WHAT THE TASK REQUIRES: The required output is the exact run of lines below that opens at the line with "using bv_val_less_iff_first_diff[of a" and closes at the line with "using False \<open>k".

[Collected data entries]

(* Let $R$ be a ring with prime subring $P$ (the subring generated by $1$). Let $M$ be a submonoid of the unit group $U(R)$ and let $C$ be a subring of $R$. Suppose that: (1) the subring generated by $P$ and $M$ is the monoid ring $P[M]$ (i.e. the natural map $P[M]\to R$ is injective); (2) for each $c\in C$ and $f\in P[M]$, $cf=0$ implies $c=0$ or $f=0$; (3) every element of $M$ commutes with every element of $C$; (4) $M$ is an orderable monoid, i.e. it admits a total order $<$ such that $x<y$ implies $zx<zy$ and $xz<yz$ for all $x,y,z\in M$; (5) $M$ embeds in some group $H$ such that the subgroup of $H$ generated by $M$ has trivial center. Then the subring of $R$ generated by $C$ and $M$ is the monoid ring $C[M]$ (i.e. the natural map $C[M]\to R$ is injective). *)

theory Defs
  imports "HOL-Algebra.Generated_Groups"
begin

(* unital subring of a ring R (R modelled by a type of class ring_1) *)
definition is_subring :: "'a::ring_1 set \<Rightarrow> bool" where
  "is_subring C \<longleftrightarrow> 1 \<in> C \<and> (\<forall>x\<in>C. \<forall>y\<in>C. x - y \<in> C \<and> x * y \<in> C)"

definition units_of_ring :: "'a::ring_1 set" where
  "units_of_ring = {x. \<exists>y. x * y = 1 \<and> y * x = 1}"

definition is_submonoid :: "'a::ring_1 set \<Rightarrow> bool" where
  "is_submonoid M \<longleftrightarrow> 1 \<in> M \<and> (\<forall>x\<in>M. \<forall>y\<in>M. x * y \<in> M)"

(* prime subring P = subring generated by 1 = image of the integers *)
definition prime_subring :: "'a::ring_1 set" where
  "prime_subring = range of_int"

(* the natural map A[M] -> R (A a subset of R, M a subset of R) is injective:
   a finitely supported family of coefficients in A indexed by M whose
   image  sum_m c_m m  vanishes is zero *)
definition monoid_ring_injective :: "'a::ring_1 set \<Rightarrow> 'a set \<Rightarrow> bool" where
  "monoid_ring_injective A M \<longleftrightarrow>
     (\<forall>S c. finite S \<longrightarrow> S \<subseteq> M \<longrightarrow> c ` S \<subseteq> A \<longrightarrow>
        (\<Sum>m\<in>S. c m * m) = 0 \<longrightarrow> (\<forall>m\<in>S. c m = 0))"

definition monoid_ring_image :: "'a::ring_1 set \<Rightarrow> 'a set \<Rightarrow> 'a set" where
  "monoid_ring_image A M =
     {x. \<exists>S c. finite S \<and> S \<subseteq> M \<and> c ` S \<subseteq> A \<and> x = (\<Sum>m\<in>S. c m * m)}"

definition orderable_monoid :: "'a::ring_1 set \<Rightarrow> bool" where
  "orderable_monoid M \<longleftrightarrow> (\<exists>lt :: 'a \<Rightarrow> 'a \<Rightarrow> bool.
     (\<forall>x\<in>M. \<not> lt x x) \<and>
     (\<forall>x\<in>M. \<forall>y\<in>M. \<forall>z\<in>M. lt x y \<longrightarrow> lt y z \<longrightarrow> lt x z) \<and>
     (\<forall>x\<in>M. \<forall>y\<in>M. x \<noteq> y \<longrightarrow> lt x y \<or> lt y x) \<and>
     (\<forall>x\<in>M. \<forall>y\<in>M. \<forall>z\<in>M. lt x y \<longrightarrow> lt (z * x) (z * y) \<and> lt (x * z) (y * z)))"

definition monoid_embedding :: "'a::ring_1 set \<Rightarrow> ('h, 'b) monoid_scheme \<Rightarrow> ('a \<Rightarrow> 'h) \<Rightarrow> bool" where
  "monoid_embedding M H \<phi> \<longleftrightarrow> inj_on \<phi> M \<and> \<phi> ` M \<subseteq> carrier H \<and> \<phi> 1 = \<one>\<^bsub>H\<^esub> \<and>
     (\<forall>x\<in>M. \<forall>y\<in>M. \<phi> (x * y) = \<phi> x \<otimes>\<^bsub>H\<^esub> \<phi> y)"

definition trivial_center :: "('h, 'b) monoid_scheme \<Rightarrow> 'h set \<Rightarrow> bool" where
  "trivial_center H K \<longleftrightarrow> {z \<in> K. \<forall>g\<in>K. z \<otimes>\<^bsub>H\<^esub> g = g \<otimes>\<^bsub>H\<^esub> z} = {\<one>\<^bsub>H\<^esub>}"

end

theory Submission
  imports Defs
begin

(* Proof idea (a Passman-style leading term argument).  Call a family c_i \<in> C,
   f_i \<in> P[M] (i \<in> I) with \<Sum> c_i f_i = 0 in R a linear relation; it is formally trivial
   if \<Sum> c_i \<otimes> f_i = 0 in C[M], i.e. \<Sum>_i c_i (coefficient of x in f_i) = 0 for all x.
   Injectivity of C[M] \<rightarrow> R is the special case of monomials f_i.  Suppose a formally
   nontrivial relation exists and take one with |I| minimal.  Then the c_i are
   P-linearly independent and no f_i vanishes (both would give shorter relations).
   For u \<in> M, \<Sum>_k c_k (f_k u f_{i0} - f_{i0} u f_k) = 0 is shorter (C commutes with M and P),
   so it is formally trivial, whence f_k u f_{i0} = f_{i0} u f_k in P[M].  Comparing top
   terms in the ordered monoid M shows that the leading terms a, b of f_{i0}, f_k satisfy
   b u a = a u b for all u, hence a = b by the group hypothesis ("twist rigidity").  A
   Gaussian elimination step with the leading coefficients then produces a minimal
   relation in which some f_i has a strictly smaller leading term: contradiction. *)

lemma (in group) centralizer_subgroup:
  assumes z: "z \<in> carrier G"
  shows "subgroup {g \<in> carrier G. z \<otimes> g = g \<otimes> z} G"
proof (rule subgroupI)
  fix g assume "g \<in> {g \<in> carrier G. z \<otimes> g = g \<otimes> z}"
  then have g: "g \<in> carrier G" and zg: "z \<otimes> g = g \<otimes> z" by auto
  have "z \<otimes> inv g = inv g \<otimes> (g \<otimes> z) \<otimes> inv g" using g z by (simp flip: m_assoc)
  also have "\<dots> = inv g \<otimes> (z \<otimes> g) \<otimes> inv g" using zg by simp
  also have "\<dots> = inv g \<otimes> z" using g z by (simp add: m_assoc)
  finally show "inv g \<in> {g \<in> carrier G. z \<otimes> g = g \<otimes> z}" using g by simp
next
  fix g h assume "g \<in> {g \<in> carrier G. z \<otimes> g = g \<otimes> z}" "h \<in> {g \<in> carrier G. z \<otimes> g = g \<otimes> z}"
  then show "g \<otimes> h \<in> {g \<in> carrier G. z \<otimes> g = g \<otimes> z}"
    using z by (auto simp flip: m_assoc) (simp add: m_assoc)
qed (use z in auto)
lemma subspace_head_True_split:
  assumes L: "lin_subspace (Suc n) E" and t: "True # t \<in> E"
  shows "E = Cons False ` {a. False # a \<in> E} \<union> (\<lambda>a. True # vxor t a) ` {a. False # a \<in> E}"
proof -
  have closed: "\<And>a b. a \<in> E \<Longrightarrow> b \<in> E \<Longrightarrow> vxor a b \<in> E" and Esub: "E \<subseteq> vecs (Suc n)"
    using L by (auto simp: lin_subspace_def)
  have "{a. True # a \<in> E} = vxor t ` {a. False # a \<in> E}"
  proof (intro set_eqI iffI)
    fix a
    show "a \<in> vxor t ` {a. False # a \<in> E}" if "a \<in> {a. True # a \<in> E}"
    proof
      have "True # a \<in> vecs (Suc n)" "True # t \<in> vecs (Suc n)"
        using Esub t that by auto
      then have "length a = length t"
        by (simp add: vecs_def)
      then show "a = vxor t (vxor t a)"
        by (simp add: vxor_cancel_left)
      show "vxor t a \<in> {a. False # a \<in> E}"
        using closed[OF t] that by force
    qed
    show "a \<in> {a. True # a \<in> E}" if "a \<in> vxor t ` {a. False # a \<in> E}"
      using closed[OF t] that by force
  qed
  then show ?thesis
    using subset_vecs_Suc_split[OF Esub] by (simp add: image_image)
qed

lemma card_subspace_head_True:
  assumes L: "lin_subspace (Suc n) E" and t: "True # t \<in> E"
  shows "card E = 2 * card {a. False # a \<in> E}"
proof -
  define E0 where "E0 = {a. False # a \<in> E}"
  have E0: "E0 \<subseteq> vecs n"
    using lin_subspace_tail[OF L] by (simp add: E0_def lin_subspace_def)
  have tv: "t \<in> vecs n"
    using L t by (auto simp: lin_subspace_def vecs_def)
  have "card E = card (Cons False ` E0 \<union> (\<lambda>a. True # vxor t a) ` E0)"
    using subspace_head_True_split[OF L t] by (simp add: E0_def)
  also have "\<dots> = card (Cons False ` E0) + card ((\<lambda>a. True # vxor t a) ` E0)"
    using finite_subset_vecs[OF E0] by (intro card_Un_disjoint) auto
  also have "\<dots> = 2 * card E0"
    using inj_on_subset[OF inj_on_vxor[OF tv] E0] by (simp add: card_image inj_on_def)
  finally show ?thesis
    unfolding E0_def .
qed

text \<open>Translating a subspace by the lexicographically least element of the coset preserves
  the lexicographic order: at the first position where two elements differ, the translate
  has a zero, since otherwise it could be lowered by the difference.\<close>
lemma bv_val_vxor_strict_mono:
  assumes L: "lin_subspace n E" and t: "t \<in> vecs n"
    and t_min: "\<And>d. d \<in> E \<Longrightarrow> bv_val t \<le> bv_val (vxor t d)"
    and a: "a \<in> E" and b: "b \<in> E" and ab: "bv_val a < bv_val b"
  shows "bv_val (vxor t a) < bv_val (vxor t b)"
proof -
  have la: "length a = n" and lb: "length b = n" and lt: "length t = n"
    using L a b t by (auto simp: lin_subspace_def vecs_def)
  obtain p where p: "p < n" "\<forall>i<p. a ! i = b ! i" "a ! p \<noteq> b ! p"
    using exists_first_diff[of a b] la lb ab by auto
  have bp: "b ! p"
    using bv_val_less_iff_first_diff[of a b p] p la lb ab by simp
  define d where "d = vxor a b"
  have "d \<in> E"
    using L a b by (simp add: lin_subspace_def d_def)
  have "\<not> t ! p"
  proof
    assume tp: "t ! p"
    have "bv_val (vxor t d) < bv_val t"
      using bv_val_less_iff_first_diff[of "vxor t d" t p] p bp la lb lt tp by (simp add: d_def nth_vxor)
    then show False
      using t_min[OF \<open>d \<in> E\<close>] by simp
  qed
  then show ?thesis
    using bv_val_less_iff_first_diff[of "vxor t a" "vxor t b" p] p bp la lb lt by (simp add: nth_vxor)
qed
lemma linear_lower_bound_of_increments:
  fixes a :: "nat \<Rightarrow> int"
  assumes "k > 0" and lower: "\<And>y. a y \<ge> - int y"
    and increment: "\<And>y. y \<ge> N \<Longrightarrow> a (y + k) \<ge> a y + 1"
  shows "real_of_int (a y) \<ge> real y / real k - 2 * real (N + k)"
proof (induction y rule: less_induct)
  case (less y)
  show ?case
  proof (cases "y < N + k")
    case True
    have "real y / real k \<le> real y"
      using \<open>k > 0\<close> by (simp add: divide_le_eq mult_le_cancel_left1)
    moreover have "real_of_int (a y) \<ge> - real y"
      using lower[of y] by (metis of_int_le_iff of_int_minus of_int_of_nat_eq)
    moreover have "real y \<le> real (N + k)" using True by simp
    ultimately show ?thesis by (smt (verit))
  next
    case False
    define y' where "y' = y - k"
    have y: "y = y' + k" and "y' \<ge> N" and "y' < y"
      using False \<open>k > 0\<close> by (simp_all add: y'_def)
    have "real y / real k = real y' / real k + 1"
      using \<open>k > 0\<close> y by (simp add: field_simps)
    moreover have "real_of_int (a y) \<ge> real_of_int (a y') + 1"
      using increment[OF \<open>y' \<ge> N\<close>] y by simp
    ultimately show ?thesis
      using less.IH[OF \<open>y' < y\<close>] by linarith
  qed
qed

lemma liouville_window_not_eventually_signed:
  fixes s :: int
  assumes "k > 0" and s: "s = 1 \<or> s = -1"
    and signed: "\<And>n. n \<ge> N \<Longrightarrow> s * liouville_window k n > 0"
  shows False
proof -
  define a where "a y = s * liouville_sum y" for y
  have a_lower: "real_of_int (a y) \<ge> (1 / real k) * real y - 2 * real (N + k)" for y
  proof -
    have "a y \<ge> - int y" for y
      using abs_liouville_sum_le[of y] s by (auto simp: a_def)
    moreover have "a (y + k) \<ge> a y + 1" if "y \<ge> N" for y
      using signed[of "Suc y"] that liouville_sum_add[of y k] by (simp add: a_def distrib_left)
    ultimately show ?thesis
      using linear_lower_bound_of_increments[OF \<open>k > 0\<close>] by simp
  qed
  then obtain X where X: "(\<Sum>q\<in>{1..X}. real_of_int (a (X div q))) > real X"
    using sum_div_quotients_superlinear[where c = "1 / real k" and C = "2 * real (N + k)",
        OF _ a_lower] \<open>k > 0\<close> by auto
  have "(\<Sum>q\<in>{1..X}. a (X div q)) = s * (\<Sum>q\<in>{1..X}. liouville_sum (X div q))"
    by (simp add: a_def sum_distrib_left)
  then have "(\<Sum>q\<in>{1..X}. a (X div q)) \<le> int X"
    using sum_liouville_sum_div_bounds[of X] s by auto
  then show False
    using X by (simp flip: of_int_sum)
qed

theorem corollary5p1:
  fixes k :: nat
  assumes "even k" and "k \<ge> 2"
  shows "infinite {n :: nat. n > 0 \<and> (\<Sum>i<k. liouville (n + i)) = 0}"
proof
  assume "finite {n :: nat. n > 0 \<and> (\<Sum>i<k. liouville (n + i)) = 0}"
  then obtain N where N: "{n :: nat. n > 0 \<and> (\<Sum>i<k. liouville (n + i)) = 0} \<subseteq> {..<N}"
    using finite_nat_bounded by blast
  have nonzero: "liouville_window k n \<noteq> 0" if "n \<ge> Suc N" for n
  proof
    assume "liouville_window k n = 0"
    then have "n \<in> {n :: nat. n > 0 \<and> (\<Sum>i<k. liouville (n + i)) = 0}"
      using that by (simp add: liouville_window_def)
    then have "n < N" using N by blast
    then show False using that by simp
  qed
  have "k > 0" using assms(2) by simp
  have "(\<forall>n\<ge>Suc N. liouville_window k n > 0) \<or> (\<forall>n\<ge>Suc N. liouville_window k n < 0)"
    by (rule even_nonzero_sign_persistent)
      (use even_liouville_window[OF \<open>even k\<close>] nonzero abs_liouville_window_Suc_diff in auto)
  then show False
    using liouville_window_not_eventually_signed[OF \<open>k > 0\<close>, of 1 "Suc N"]
      liouville_window_not_eventually_signed[OF \<open>k > 0\<close>, of "-1" "Suc N"] by auto
qed

end
lemma obtain_inj_on_onto_two_sets:
  fixes X0 X1 :: "'a set" and U0 U1 :: "'b set"
  assumes "infinite (UNIV :: 'b set)" "finite G" "X0 \<union> X1 \<subseteq> G" "finite W"
    and "finite U0" "finite U1"
    and "card X0 = card U0" "card X1 = card U1" "card (X0 \<inter> X1) = card (U0 \<inter> U1)"
  obtains \<phi> where "inj_on \<phi> G" "\<phi> ` X0 = U0" "\<phi> ` X1 = U1" "\<phi> ` (G - (X0 \<union> X1)) \<inter> W = {}"
proof -
  have "finite X0" "finite X1" using assms(2,3) finite_subset by auto
  then obtain f where f: "bij_betw f (X0 \<union> X1) (U0 \<union> U1)" "f ` X0 = U0" "f ` X1 = U1"
    using obtain_bij_betw_onto_two_sets assms(5-9) by metis
  have "finite (W \<union> U0 \<union> U1)" using assms(4-6) by simp
  then obtain F where F: "finite F" "card F = card (G - (X0 \<union> X1))" "F \<inter> (W \<union> U0 \<union> U1) = {}"
    by (rule obtain_fresh_set[OF assms(1)])
  obtain \<phi> where \<phi>: "bij_betw \<phi> (X0 \<union> X1 \<union> (G - (X0 \<union> X1))) (U0 \<union> U1 \<union> F)"
    "\<forall>x\<in>X0 \<union> X1. \<phi> x = f x" "\<phi> ` (G - (X0 \<union> X1)) = F"
    by (rule obtain_bij_betw_extension[OF f(1) _ F(1) F(2)[symmetric]]) (use assms(2) F(3) in auto)
  show ?thesis
  proof
    have "X0 \<union> X1 \<union> (G - (X0 \<union> X1)) = G"
      using assms(3) by blast
    then show "inj_on \<phi> G"
      using bij_betw_imp_inj_on[OF \<phi>(1)] by simp
    have "\<phi> ` X0 = f ` X0" "\<phi> ` X1 = f ` X1"
      using \<phi>(2) by (auto intro: image_cong)
    then show "\<phi> ` X0 = U0" "\<phi> ` X1 = U1"
      using f(2,3) by simp_all
    show "\<phi> ` (G - (X0 \<union> X1)) \<inter> W = {}"
      using \<phi>(3) F(3) by blast
  qed
qed

section \<open>Polynomial interpolation modulo a prime\<close>

lemma eq_if_dvd_diff_int:
  fixes x y m :: int
  assumes "x \<in> {0..<m}" "y \<in> {0..<m}" "m dvd x - y"
  shows "x = y"
proof (rule ccontr)
  assume "x \<noteq> y"
  then have "\<bar>m\<bar> \<le> \<bar>x - y\<bar>"
    using dvd_imp_le_int[OF _ assms(3)] by simp
  then show False using assms(1,2) by auto
qed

RESPONSE TO THIS EXERCISE:
    using bv_val_less_iff_first_diff[of a b p] p la lb ab by simp
  define d where "d = vxor a b"
  have "d \<in> E"
    using L a b by (simp add: lin_subspace_def d_def)
  have "\<not> t ! p"
  proof
    assume tp: "t ! p"
    have "bv_val (vxor t d) < bv_val t"
      using bv_val_less_iff_first_diff[of "vxor t d" t p] p bp la lb lt tp by (simp add: d_def nth_vxor)
    then show False
      using t_min[OF \<open>d \<in> E\<close>] by simp
  qed
  then show ?thesis
    using bv_val_less_iff_first_diff[of "vxor t a" "vxor t b" p] p bp la lb lt by (simp add: nth_vxor)
qed
lemma linear_lower_bound_of_increments:
  fixes a :: "nat \<Rightarrow> int"
  assumes "k > 0" and lower: "\<And>y. a y \<ge> - int y"
    and increment: "\<And>y. y \<ge> N \<Longrightarrow> a (y + k) \<ge> a y + 1"
  shows "real_of_int (a y) \<ge> real y / real k - 2 * real (N + k)"
proof (induction y rule: less_induct)
  case (less y)
  show ?case
  proof (cases "y < N + k")
    case True
    have "real y / real k \<le> real y"
      using \<open>k > 0\<close> by (simp add: divide_le_eq mult_le_cancel_left1)
    moreover have "real_of_int (a y) \<ge> - real y"
      using lower[of y] by (metis of_int_le_iff of_int_minus of_int_of_nat_eq)
    moreover have "real y \<le> real (N + k)" using True by simp
    ultimately show ?thesis by (smt (verit))
  next
    case False
    define y' where "y' = y - k"
    have y: "y = y' + k" and "y' \<ge> N" and "y' < y"
      using False \<open>k > 0\<close> by (simp_all add: y'_def)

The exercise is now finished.